§ **Your task**:
Write out, word for word, the first line of the data below and every line after it through the one containing "root ?q (v (z".

[Items listed in a dataset]

━━━━━━━━━━━━━━━━━━━━━━━━━━━━━━

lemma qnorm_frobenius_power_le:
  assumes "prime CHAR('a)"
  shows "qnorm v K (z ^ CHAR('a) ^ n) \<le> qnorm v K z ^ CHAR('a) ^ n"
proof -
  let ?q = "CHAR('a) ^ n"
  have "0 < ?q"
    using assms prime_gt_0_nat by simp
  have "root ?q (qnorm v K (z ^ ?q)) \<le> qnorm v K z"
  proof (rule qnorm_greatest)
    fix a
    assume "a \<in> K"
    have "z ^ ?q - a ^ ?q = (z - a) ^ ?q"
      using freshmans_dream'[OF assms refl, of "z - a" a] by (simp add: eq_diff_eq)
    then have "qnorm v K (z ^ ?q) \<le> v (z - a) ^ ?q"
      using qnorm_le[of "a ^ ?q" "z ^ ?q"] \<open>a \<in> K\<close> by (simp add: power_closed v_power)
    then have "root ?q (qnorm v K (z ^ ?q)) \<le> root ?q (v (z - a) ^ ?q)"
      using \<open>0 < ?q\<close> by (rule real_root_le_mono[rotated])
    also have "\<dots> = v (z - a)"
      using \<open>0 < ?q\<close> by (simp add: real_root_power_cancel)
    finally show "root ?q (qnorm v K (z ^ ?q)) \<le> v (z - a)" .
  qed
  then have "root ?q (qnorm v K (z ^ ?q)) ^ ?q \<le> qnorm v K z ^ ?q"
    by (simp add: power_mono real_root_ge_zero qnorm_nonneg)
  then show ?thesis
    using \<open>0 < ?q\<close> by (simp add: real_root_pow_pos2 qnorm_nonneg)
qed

━━━━━━━━━━━━━━━━━━━━━━━━━━━━━━

§ **Answer section**:
lemma qnorm_frobenius_power_le:
  assumes "prime CHAR('a)"
  shows "qnorm v K (z ^ CHAR('a) ^ n) \<le> qnorm v K z ^ CHAR('a) ^ n"
proof -
  let ?q = "CHAR('a) ^ n"
  have "0 < ?q"
    using assms prime_gt_0_nat by simp
  have "root ?q (qnorm v K (z ^ ?q)) \<le> qnorm v K z"
  proof (rule qnorm_greatest)
    fix a
    assume "a \<in> K"
    have "z ^ ?q - a ^ ?q = (z - a) ^ ?q"
      using freshmans_dream'[OF assms refl, of "z - a" a] by (simp add: eq_diff_eq)
    then have "qnorm v K (z ^ ?q) \<le> v (z - a) ^ ?q"
      using qnorm_le[of "a ^ ?q" "z ^ ?q"] \<open>a \<in> K\<close> by (simp add: power_closed v_power)
    then have "root ?q (qnorm v K (z ^ ?q)) \<le> root ?q (v (z - a) ^ ?q)"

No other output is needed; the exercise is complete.